Because the evolution-driving mechanisms involving land-surface wetlands vary across different regions due to different climate and landform conditions, a global freshwater ecoregion dataset has been used to construct mapping units that feature model parameters. The new global land surface wetland suitability map produced in Beijing tracks water cycle processes, but is relatively simple and includes fewer datasets. Yet a remote sensing based validation showed the new model has a higher overall accuracy compared with other suitable wetland maps.

Study leaders Zhu Peng and Gong Peng attribute the better performance of their model partially to the adoption of climatic-basin units that each feature unique model parameters and to the incorporation of soil water content datasets from an advanced land surface model.

The modeled results indicate that the total area of global wetlands has reached 3.316×107km2. There is a big gap between this set of results and existing data on worldwide wetland areas. The results are useful not only for scientific purposes, but also to increase understanding of how wetlands have been transformed and how they can be better protected.

In their new study, scientists Gong Peng and Zhu Peng stated: "Our result also proves that exploring and modeling global wetland at high resolution from a water cycling perspective is feasible."
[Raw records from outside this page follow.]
lemma emeasure_pos_part_neq_0:
  fixes f :: "'a \<Rightarrow> real"
  assumes "f \<in> borel_measurable M" "(\<integral>x. max 0 (f x) \<partial>M) > 0"
  shows "emeasure M {x \<in> space M. 0 < f x} \<noteq> 0"
proof
  assume "emeasure M {x \<in> space M. 0 < f x} = 0"
  then have "AE x in M. \<not> 0 < f x"
    using assms(1) by (intro AE_I[of _ _ "{x \<in> space M. 0 < f x}"]) auto
  then have "AE x in M. max 0 (f x) = 0" by (rule AE_mp) auto
  then have "(\<integral>x. max 0 (f x) \<partial>M) = 0" by (rule integral_eq_zero_AE)
  with assms(2) show False by simp
qed

lemma emeasure_divergence_set_eq_0:
  fixes f :: "nat \<Rightarrow> 'a \<Rightarrow> real"
  assumes M: "finite_measure M"
    and f: "\<And>j. integrable M (f j)" "\<And>j x. x \<in> space M \<Longrightarrow> m \<le> f j x"
      "\<And>j. (\<integral>x. f j x \<partial>M) \<le> C"
    and A: "A \<in> sets M" "\<And>x. x \<in> A \<Longrightarrow> filterlim (\<lambda>j. f j x) at_top sequentially"
  shows "emeasure M A = 0"
proof -
  define h where "h j x = ennreal (f j x - m)" for j x
  have h_int: "(\<integral>\<^sup>+x. h j x \<partial>M) \<le> ennreal (C - m * measure M (space M))" for j
  proof -
    have int: "integrable M (\<lambda>x. f j x - m)"
      using f(1) finite_measure.integrable_const[OF M] by (rule Bochner_Integration.integrable_diff)
    have "(\<integral>\<^sup>+x. h j x \<partial>M) = ennreal (\<integral>x. f j x - m \<partial>M)"
      unfolding h_def using f(2) by (intro nn_integral_eq_integral int AE_I2) auto
    also have "(\<integral>x. f j x - m \<partial>M) = (\<integral>x. f j x \<partial>M) - (\<integral>x. m \<partial>M)"
      by (rule Bochner_Integration.integral_diff[OF f(1) finite_measure.integrable_const[OF M]])
    finally show ?thesis using f(3)[of j] by (simp add: ennreal_leI mult.commute)
  qed
  have liminf_top: "liminf (\<lambda>j. h j x) = top" if "x \<in> A" for x
  proof -
    have "filterlim (\<lambda>j. f j x - m) at_top sequentially"
      using filterlim_tendsto_add_at_top[OF tendsto_const A(2)[OF that], of "- m"] by simp
    then have "((\<lambda>j. h j x) \<longlongrightarrow> top) sequentially"
      by (simp add: h_def ennreal_tendsto_top_eq_at_top)
    then show ?thesis by (simp add: lim_imp_Liminf)
  qed
  have "top * emeasure M A = (\<integral>\<^sup>+x. top * indicator A x \<partial>M)"
    using A(1) by (simp add: nn_integral_cmult_indicator)
  also have "\<dots> \<le> (\<integral>\<^sup>+x. liminf (\<lambda>j. h j x) \<partial>M)"
    by (intro nn_integral_mono) (simp add: liminf_top split: split_indicator)
  also have "\<dots> \<le> liminf (\<lambda>j. \<integral>\<^sup>+x. h j x \<partial>M)"
    using f(1) by (intro nn_integral_liminf) (simp add: h_def borel_measurable_integrable)
  also have "\<dots> \<le> ennreal (C - m * measure M (space M))"
    using h_int by (intro Liminf_le) auto
  finally show ?thesis by (auto simp: ennreal_top_mult top_unique split: if_splits)
qed

lemma hausdist_limit_has_0_in_interior:
  fixes Psi :: "'a::euclidean_space \<Rightarrow> real \<Rightarrow> real"
    and M :: "'a measure" and K :: "nat \<Rightarrow> 'a set"
  assumes Psi_Cd: "class_Cd Psi"
    and Psi_lim: "\<And>\<xi>. \<xi> \<in> sphere 0 1 \<Longrightarrow> filterlim (\<lambda>t. Psi \<xi> t) at_top (at_right 0)"
    and M_space: "space M = sphere 0 1"
    and M_sets: "sets M = sets (restrict_space borel (sphere (0::'a) 1))"
    and M_finite: "finite_measure M"
    and M_nc: "not_concentrated M"
    and K_body: "\<And>j. convex_body_o (K j)"
    and K_bdd: "\<And>j. K j \<subseteq> cball 0 R"
    and K_int: "\<And>j. integrable M (\<lambda>\<xi>. Psi \<xi> (radial (K j) \<xi>))"
      "\<And>j. (\<integral>\<xi>. Psi \<xi> (radial (K j) \<xi>) \<partial>M) \<le> C"
    and L: "convex L" "0 \<in> L" "((\<lambda>j. hausdist (K j) L) \<longlongrightarrow> 0) sequentially"
  shows "0 \<in> interior L"
proof (rule ccontr)
  assume "0 \<notin> interior L"
  then obtain u where u: "norm u = 1" "\<And>y. y \<in> L \<Longrightarrow> u \<bullet> y \<le> 0"
    using supporting_halfspace_0[OF L(1,2)] by blast
  define U where "U = {\<xi> \<in> space M. 0 < u \<bullet> \<xi>}"
  have K: "compact (K j)" "0 \<in> interior (K j)" for j
    using K_body unfolding convex_body_o_def by auto
  have K0: "0 \<in> K j" for j using K(2) interior_subset by blast
  have inner_meas: "(\<lambda>\<xi>. u \<bullet> \<xi>) \<in> borel_measurable M"
    unfolding measurable_cong_sets[OF M_sets refl] by (intro measurable_restrict_space1) simp
  have "emeasure M U \<noteq> 0"
    using emeasure_pos_part_neq_0[OF inner_meas] M_nc u(1)
    unfolding not_concentrated_def U_def by simp
  moreover obtain m where m: "\<And>\<xi> t. \<xi> \<in> sphere 0 1 \<Longrightarrow> 0 < t \<Longrightarrow> t \<le> R \<Longrightarrow> m \<le> Psi \<xi> t"
    using class_Cd_bounded_below[OF Psi_Cd] by metis
  have "emeasure M U = 0"
  proof (rule emeasure_divergence_set_eq_0[OF M_finite K_int(1) _ K_int(2)])
    fix j and \<xi> :: 'a
    assume "\<xi> \<in> space M"
    then have "\<xi> \<in> sphere 0 1" "\<xi> \<noteq> 0" using M_space by auto
    then show "m \<le> Psi \<xi> (radial (K j) \<xi>)"
      using m radial_pos[OF K \<open>\<xi> \<noteq> 0\<close>] radial_le_radius[OF K(1) K0 K_bdd \<open>\<xi> \<noteq> 0\<close>]
      by simp
  next
    show "U \<in> sets M" using inner_meas unfolding U_def by measurable
  next
    fix \<xi> assume "\<xi> \<in> U"
    then have \<xi>: "\<xi> \<in> sphere 0 1" "\<xi> \<noteq> 0" "0 < u \<bullet> \<xi>" using M_space by (auto simp: U_def)
    have "(\<lambda>j. radial (K j) \<xi>) \<longlonglongrightarrow> 0"
      using tendsto_0_if_hausdist_limit_in_halfspace[of "\<lambda>j. radial (K j) \<xi>" \<xi> K L u]
        radial_greatest(1,2)[OF K(1) K0 \<xi>(2)] bounded_subset[OF bounded_cball K_bdd]
        L(2,3) u \<xi>(3)
      by auto
    then have "filterlim (\<lambda>j. radial (K j) \<xi>) (at_right 0) sequentially"
      using radial_pos[OF K \<xi>(2)] by (auto intro: tendsto_imp_filterlim_at_right)
    then show "filterlim (\<lambda>j. Psi \<xi> (radial (K j) \<xi>)) at_top sequentially"
      by (rule filterlim_compose[OF Psi_lim[OF \<xi>(1)]])
  qed
  ultimately show False by contradiction
qed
"Since we did not account for the impact of human-induced disturbance to the natural water cycling, our result overestimated the area of global wetland," they added. "In the future we expect that more human impact factors will be represented and more hydrological processes will be included into land surface models to produce more accurate global wetland distribution data."

Their new model, they state, reflects the potential extent of global wetlands and can be used as the foundation for mapping the actual global wetland distribution.